■ **Task item**
Only the lines holding "using" are wanted here; copy each from the listing.
▬▬▬▬▬▬
(* Let $\mu,\nu$ be continuous probability distributions on $\mathbb{R}^d$ and let $q\ge 1$. Then for every $\sigma>0$, $\mathrm{DP}_\sigma\mathrm{SWD}_q^q(\mu,\nu)=0$ if and only if $\mu=\nu$.
   Context: For $\mathbf{u}\in\mathbb{S}^{d-1}=\{\mathbf{u}\in\mathbb{R}^d:\|\mathbf{u}\|_2=1\}$, $\mathcal{R}_\mathbf{u}\mu$ denotes the push-forward of $\mu$ by the map $\mathbf{x}\mapsto\mathbf{u}^\top\mathbf{x}$ (a probability measure on $\mathbb{R}$). $\mathcal{N}_\sigma$ is the centered Gaussian distribution $\mathcal{N}(0,\sigma^2)$ on $\mathbb{R}$ and $*$ denotes convolution of measures. For probability measures $\mu',\nu'$ on $\mathbb{R}$, $W_q(\mu',\nu')=\big(\int_0^1|F_{\mu'}^{-1}(z)-F_{\nu'}^{-1}(z)|^q dz\big)^{1/q}$ is the $q$-Wasserstein distance (Euclidean ground cost), $F^{-1}$ being the inverse cumulative distribution function. With $u_d$ the uniform probability measure on $\mathbb{S}^{d-1}$, $$\mathrm{DP}_\sigma\mathrm{SWD}_q^q(\mu,\nu)\doteq\int_{\mathbb{S}^{d-1}}W_q^q(\mathcal{R}_\mathbf{u}\mu*\mathcal{N}_\sigma,\ \mathcal{R}_\mathbf{u}\nu*\mathcal{N}_\sigma)\,du_d(\mathbf{u}).$$ *)

theory Defs
  imports "HOL-Probability.Probability"
begin

definition radon_proj :: "'a::euclidean_space \<Rightarrow> 'a measure \<Rightarrow> real measure" where
  "radon_proj u M = distr M borel (\<lambda>x. u \<bullet> x)"

definition gauss_measure :: "real \<Rightarrow> real measure" where
  "gauss_measure \<sigma> = density lborel (normal_density 0 \<sigma>)"

definition quantile :: "real measure \<Rightarrow> real \<Rightarrow> real" where
  "quantile M z = Inf {x. z \<le> cdf M x}"

text \<open>q-th power of the 1D q-Wasserstein distance, via quantile functions
  (as an extended nonnegative real, possibly infinite).\<close>
definition wasserstein_pow :: "real \<Rightarrow> real measure \<Rightarrow> real measure \<Rightarrow> ennreal" where
  "wasserstein_pow q M N =
     (\<integral>\<^sup>+ z \<in> {0<..<1}. ennreal (\<bar>quantile M z - quantile N z\<bar> powr q) \<partial>lborel)"

text \<open>Uniform probability measure on the unit sphere S^{d-1}: the normalized surface
  measure, realized as the push-forward of the uniform distribution on the unit ball
  under radial projection x \<mapsto> x / |x|.\<close>
definition sphere_uniform :: "'a::euclidean_space measure" where
  "sphere_uniform = distr (uniform_measure lborel (ball 0 1)) borel (\<lambda>x. sgn x)"

definition DPSWD_pow :: "real \<Rightarrow> real \<Rightarrow> 'a::euclidean_space measure \<Rightarrow> 'a measure \<Rightarrow> ennreal" where
  "DPSWD_pow \<sigma> q \<mu> \<nu> =
     (\<integral>\<^sup>+ u. wasserstein_pow q (radon_proj u \<mu> \<star> gauss_measure \<sigma>)
                                 (radon_proj u \<nu> \<star> gauss_measure \<sigma>) \<partial>sphere_uniform)"

end

theory Submission
  imports Defs
begin

text \<open>
  The characteristic function of \<open>\<R>\<^sub>u\<mu> * \<N>\<^sub>\<sigma>\<close> at frequency \<open>s\<close> is that of \<open>\<mu>\<close> at \<open>s u\<close> times
  the Gaussian factor \<open>exp (-(\<sigma> s)\<^sup>2/2)\<close>, which never vanishes. On the other hand,
  coupling two laws on the line through their quantile functions shows that a difference
  \<open>D\<close> of their characteristic functions at frequency \<open>s\<close> forces the quantiles to be
  \<open>D/(2s)\<close> apart on a set of measure at least \<open>D/4\<close>, which bounds \<open>W\<^sub>q\<^sup>q\<close> from below.
  If \<open>\<mu> \<noteq> \<nu>\<close>, their characteristic functions differ at some \<open>t = s u\<^sub>0 \<noteq> 0\<close>, by continuity
  also at \<open>s u\<close> for all directions \<open>u\<close> in a cap around \<open>u\<^sub>0\<close>, and such a cap has positive
  uniform measure; hence the sliced distance is positive.

  Uniqueness of the characteristic function on \<open>\<real>\<^sup>d\<close> comes from Stone--Weierstrass:
  polynomials in the coordinates of the torus map \<open>x \<mapsto> (cos (\<omega> x\<^sub>i), sin (\<omega> x\<^sub>i))\<^sub>i\<close> are
  trigonometric polynomials, whose integrals are determined by the characteristic function,
  and they approximate periodizations of continuous functions of compact support, which in
  turn determine the measure of closed sets.
\<close>

section \<open>Characteristic functions of smoothed projections\<close>

definition char_euclidean :: "'a::euclidean_space measure \<Rightarrow> 'a \<Rightarrow> complex" where
  "char_euclidean M t = (CLINT x|M. iexp (t \<bullet> x))"

definition smoothed_radon_proj :: "real \<Rightarrow> 'a::euclidean_space \<Rightarrow> 'a measure \<Rightarrow> real measure" where
  "smoothed_radon_proj \<sigma> u M = (radon_proj u M \<star> gauss_measure \<sigma>)"

lemma char_convolution:
  fixes M N :: "real measure"
  assumes "prob_space M" "sets M = sets borel" "prob_space N" "sets N = sets borel"
  shows "char (M \<star> N) s = char M s * char N s"
proof -
  interpret pair_prob_space M N
    using assms by (simp add: pair_prob_space_def pair_sigma_finite_def prob_space_imp_sigma_finite)
  have [measurable_cong]: "sets M = sets borel" "sets N = sets borel"
    using assms by auto
  have "char (M \<star> N) s = (\<integral>z. (\<lambda>(x, y). iexp (s * x) * iexp (s * y)) z \<partial>(M \<Otimes>\<^sub>M N))"
    unfolding char_def convolution_def
    by (subst integral_distr) (auto intro!: Bochner_Integration.integral_cong
        simp: field_simps exp_add split: prod.splits)
  also have "\<dots> = (\<integral>x. (\<integral>y. iexp (s * x) * iexp (s * y) \<partial>N) \<partial>M)"
    by (rule integral_fst[symmetric], rule integrable_const_bound[where B=1]) (auto simp: norm_mult)
  also have "\<dots> = char M s * char N s"
    unfolding char_def by simp
  finally show ?thesis .
qed

lemma char_gauss_measure:
  assumes "\<sigma> > 0"
  shows "char (gauss_measure \<sigma>) s = exp (- (\<sigma> * s)\<^sup>2 / 2)"
proof -
  have density: "\<bar>\<sigma>\<bar> * normal_density 0 \<sigma> (\<sigma> * y) = std_normal_density y" for y
    using assms by (simp add: normal_density_def real_sqrt_mult field_simps power_mult_distrib)
  have "char (gauss_measure \<sigma>) s = (\<integral>x. normal_density 0 \<sigma> x *\<^sub>R iexp (s * x) \<partial>lborel)"
    unfolding char_def gauss_measure_def by (subst integral_density) auto
  also have "\<dots> = \<bar>\<sigma>\<bar> *\<^sub>R (\<integral>y. normal_density 0 \<sigma> (0 + \<sigma> * y) *\<^sub>R iexp (s * (0 + \<sigma> * y)) \<partial>lborel)"
    using assms by (intro lborel_integral_real_affine) auto
  also have "\<dots> = (\<integral>y. std_normal_density y *\<^sub>R iexp ((\<sigma> * s) * y) \<partial>lborel)"
    by (simp only: integral_scaleR_right[symmetric] scaleR_scaleR)
       (intro Bochner_Integration.integral_cong; simp add: density[symmetric] ac_simps)
  also have "\<dots> = char std_normal_distribution (\<sigma> * s)"
    unfolding char_def by (subst integral_density) auto
  finally show ?thesis
    by (simp add: char_std_normal_distribution)
qed

lemma prob_space_radon_proj:
  assumes "prob_space M" "sets M = sets borel"
  shows "prob_space (radon_proj u M)"
  unfolding radon_proj_def using assms by (intro prob_space.prob_space_distr) auto

lemma char_radon_proj:
  assumes "sets M = sets borel"
  shows "char (radon_proj u M) s = char_euclidean M (s *\<^sub>R u)"
  using assms unfolding char_def radon_proj_def char_euclidean_def
  by (subst integral_distr) auto

lemma real_distribution_smoothed_radon_proj:
  assumes "prob_space M" "sets M = sets borel" "\<sigma> > 0"
  shows "real_distribution (smoothed_radon_proj \<sigma> u M)"
proof -
  interpret pair_prob_space "radon_proj u M" "gauss_measure \<sigma>"
    using prob_space_radon_proj[OF assms(1,2)] prob_space_normal_density[OF assms(3)]
    by (simp add: pair_prob_space_def pair_sigma_finite_def prob_space_imp_sigma_finite gauss_measure_def)
  have "prob_space (smoothed_radon_proj \<sigma> u M)"
    unfolding smoothed_radon_proj_def convolution_def
    by (rule prob_space_distr) (auto simp: radon_proj_def gauss_measure_def)
  then show ?thesis
    by (auto simp: real_distribution_def real_distribution_axioms_def smoothed_radon_proj_def)
qed

lemma char_smoothed_radon_proj:
  assumes "prob_space M" "sets M = sets borel" "\<sigma> > 0"
  shows "char (smoothed_radon_proj \<sigma> u M) s = char_euclidean M (s *\<^sub>R u) * exp (- (\<sigma> * s)\<^sup>2 / 2)"
  using char_convolution[OF prob_space_radon_proj[OF assms(1,2)] _ prob_space_normal_density[OF assms(3)]]
    char_radon_proj[OF assms(2)] char_gauss_measure[OF assms(3)]
  by (simp add: smoothed_radon_proj_def radon_proj_def gauss_measure_def)

lemma char_euclidean_zero:
  assumes "prob_space M"
  shows "char_euclidean M 0 = 1"
  using prob_space.prob_space[OF assms] by (simp add: char_euclidean_def)

lemma isCont_char_euclidean:
  assumes "prob_space M" "sets M = sets borel"
  shows "isCont (char_euclidean M) t"
  unfolding continuous_at_sequentially comp_def
proof safe
  interpret prob_space M by fact
  have [measurable_cong]: "sets M = sets borel" by fact
  fix X assume "X \<longlonglongrightarrow> t"
  then show "(\<lambda>n. char_euclidean M (X n)) \<longlonglongrightarrow> char_euclidean M t"
    unfolding char_euclidean_def
    by (intro integral_dominated_convergence[where w="\<lambda>_. 1"]) (auto intro!: tendsto_intros)
qed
▬▬▬▬▬▬
■ **Completed exercise**
    using assms by (simp add: pair_prob_space_def pair_sigma_finite_def prob_space_imp_sigma_finite)
    using assms by auto
    using assms by (simp add: normal_density_def real_sqrt_mult field_simps power_mult_distrib)
    using assms by (intro lborel_integral_real_affine) auto
  unfolding radon_proj_def using assms by (intro prob_space.prob_space_distr) auto
  using assms unfolding char_def radon_proj_def char_euclidean_def
    using prob_space_radon_proj[OF assms(1,2)] prob_space_normal_density[OF assms(3)]
  using char_convolution[OF prob_space_radon_proj[OF assms(1,2)] _ prob_space_normal_density[OF assms(3)]]
  using prob_space.prob_space[OF assms] by (simp add: char_euclidean_def)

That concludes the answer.